- [Your assignment]:
Every line with the string "lambda" should be copied from the data.

- [Collected data entries]:
-=-=-

(* Let $r_1=(y_1,y_1'),\ r_2=(y_2,y_2')\in\mathbb{N}_0^n\times\mathbb{N}_0^n$ and $r_1\oplus r_2=(y,y')$. Then (i) $y'-y=(y_1'-y_1)+(y_2'-y_2)$; (ii) for every $x\in\mathbb{N}_0^n$: $x\ge y$ if and only if $x\ge y_1$ and $x+(y_1'-y_1)\ge y_2$; (iii) for every $x\in\mathbb{N}_0^n$: $x\ge y'$ if and only if $x\ge y_2'$ and $x+(y_2-y_2')\ge y_1'$. Conversely, if $\odot$ is any binary operation on $\mathbb{N}_0^n\times\mathbb{N}_0^n$ such that for all $r_1,r_2$, writing $r_1\odot r_2=(y,y')$, properties (i) and (ii) hold, or alternatively properties (i) and (iii) hold, then $\odot=\oplus$.
   Context: For $x,y\in\mathbb{Z}^n$, $x\le y$ means $x^i\le y^i$ for all $i$; $x\vee y$ is the componentwise maximum. For $r_1=(y_1,y_1'),\ r_2=(y_2,y_2')\in\mathbb{N}_0^n\times\mathbb{N}_0^n$ define $r_1\oplus r_2=(y,y')$ with $y=y_1+0\vee(y_2-y_1')$ and $y'=y_2'+0\vee(y_1'-y_2)$. *)

theory Defs
  imports Main
begin

text \<open>Elements of N_0^n are modelled as functions from a finite index type 'n to nat
  (n = CARD('n), arbitrary). The order on functions is the pointwise order, and
  differences are taken in the integers.\<close>

type_synonym 'n pr = "('n \<Rightarrow> nat) \<times> ('n \<Rightarrow> nat)"

definition oplus :: "'n pr \<Rightarrow> 'n pr \<Rightarrow> 'n pr" where
  "oplus r1 r2 = (case r1 of (y1, y1') \<Rightarrow> case r2 of (y2, y2') \<Rightarrow>
     ((\<lambda>i. y1 i + nat (max 0 (int (y2 i) - int (y1' i)))),
      (\<lambda>i. y2' i + nat (max 0 (int (y1' i) - int (y2 i))))))"

definition prop_i :: "'n pr \<Rightarrow> 'n pr \<Rightarrow> 'n pr \<Rightarrow> bool" where
  "prop_i r1 r2 r = (\<forall>i.
     int (snd r i) - int (fst r i) =
     (int (snd r1 i) - int (fst r1 i)) + (int (snd r2 i) - int (fst r2 i)))"

definition prop_ii :: "'n pr \<Rightarrow> 'n pr \<Rightarrow> 'n pr \<Rightarrow> bool" where
  "prop_ii r1 r2 r = (\<forall>x :: 'n \<Rightarrow> nat.
     (fst r \<le> x) \<longleftrightarrow>
     (fst r1 \<le> x \<and> (\<forall>i. int (fst r2 i) \<le> int (x i) + (int (snd r1 i) - int (fst r1 i)))))"

definition prop_iii :: "'n pr \<Rightarrow> 'n pr \<Rightarrow> 'n pr \<Rightarrow> bool" where
  "prop_iii r1 r2 r = (\<forall>x :: 'n \<Rightarrow> nat.
     (snd r \<le> x) \<longleftrightarrow>
     (snd r2 \<le> x \<and> (\<forall>i. int (snd r1 i) \<le> int (x i) + (int (fst r2 i) - int (snd r2 i)))))"

end

theory Submission
  imports Defs
begin

text \<open>Property (ii) characterises y as the least element of an up-closed set, so (ii) alone
  determines y; property (i) then determines y' from y. Symmetrically, (iii) determines y'
  and (i) then determines y.\<close>

lemma oplus_Pair:
  "oplus (y1, y1') (y2, y2') = ((\<lambda>i. y1 i + (y2 i - y1' i)), (\<lambda>i. y2' i + (y1' i - y2 i)))"
  unfolding oplus_def by (simp add: fun_eq_iff max_def nat_diff_distrib)

lemma add_diff_le_iff:
  fixes a b c x :: nat
  shows "a + (c - b) \<le> x \<longleftrightarrow> a \<le> x \<and> int c \<le> int x + (int b - int a)"
  by linarith

lemma prop_i_oplus: "prop_i r1 r2 (oplus r1 r2)"
  by (cases r1; cases r2) (auto simp: prop_i_def oplus_Pair)

lemma prop_ii_oplus: "prop_ii r1 r2 (oplus r1 r2)"
  by (cases r1; cases r2)
    (simp add: prop_ii_def oplus_Pair le_fun_def add_diff_le_iff all_conj_distrib)

lemma prop_iii_oplus: "prop_iii r1 r2 (oplus r1 r2)"
  by (cases r1; cases r2)
    (simp add: prop_iii_def oplus_Pair le_fun_def add_diff_le_iff all_conj_distrib)

lemma eq_if_same_upper_bounds:
  fixes a b :: "'a::order"
  assumes "\<And>x. a \<le> x \<longleftrightarrow> b \<le> x"
  shows "a = b"
  using assms by (meson order.antisym order.refl)

lemma prop_i_same_differences:
  assumes "prop_i r1 r2 r" "prop_i r1 r2 s"
  shows "int (snd r i) - int (fst r i) = int (snd s i) - int (fst s i)"
  using assms unfolding prop_i_def by metis

lemma prop_i_prop_ii_unique:
  assumes "prop_i r1 r2 r" "prop_ii r1 r2 r"
  shows "r = oplus r1 r2"
proof -
  have fst_eq: "fst r = fst (oplus r1 r2)"
    by (rule eq_if_same_upper_bounds)
      (use assms(2) prop_ii_oplus[of r1 r2] in \<open>simp add: prop_ii_def\<close>)
  have "snd r i = snd (oplus r1 r2) i" for i
    using prop_i_same_differences[OF assms(1) prop_i_oplus, of i] fst_eq by simp
  with fst_eq show ?thesis by (simp add: prod_eq_iff fun_eq_iff)
qed

lemma prop_i_prop_iii_unique:
  assumes "prop_i r1 r2 r" "prop_iii r1 r2 r"
  shows "r = oplus r1 r2"
proof -
  have snd_eq: "snd r = snd (oplus r1 r2)"
    by (rule eq_if_same_upper_bounds)
      (use assms(2) prop_iii_oplus[of r1 r2] in \<open>simp add: prop_iii_def\<close>)
  have "fst r i = fst (oplus r1 r2) i" for i
    using prop_i_same_differences[OF assms(1) prop_i_oplus, of i] snd_eq by simp
  with snd_eq show ?thesis by (simp add: prod_eq_iff fun_eq_iff)
qed

theorem proposition2p4:
  shows "(\<forall>r1 r2 :: ('n::finite) pr.
            prop_i r1 r2 (oplus r1 r2) \<and> prop_ii r1 r2 (oplus r1 r2) \<and> prop_iii r1 r2 (oplus r1 r2))
       \<and> (\<forall>odot :: 'n pr \<Rightarrow> 'n pr \<Rightarrow> 'n pr.
            (\<forall>r1 r2. prop_i r1 r2 (odot r1 r2) \<and> prop_ii r1 r2 (odot r1 r2)) \<longrightarrow> odot = oplus)
       \<and> (\<forall>odot :: 'n pr \<Rightarrow> 'n pr \<Rightarrow> 'n pr.
            (\<forall>r1 r2. prop_i r1 r2 (odot r1 r2) \<and> prop_iii r1 r2 (odot r1 r2)) \<longrightarrow> odot = oplus)"
  using prop_i_oplus prop_ii_oplus prop_iii_oplus prop_i_prop_ii_unique prop_i_prop_iii_unique
  by blast

end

-=-=-

- [Task output]:
     ((\<lambda>i. y1 i + nat (max 0 (int (y2 i) - int (y1' i)))),
      (\<lambda>i. y2' i + nat (max 0 (int (y1' i) - int (y2 i))))))"
  "oplus (y1, y1') (y2, y2') = ((\<lambda>i. y1 i + (y2 i - y1' i)), (\<lambda>i. y2' i + (y1' i - y2 i)))"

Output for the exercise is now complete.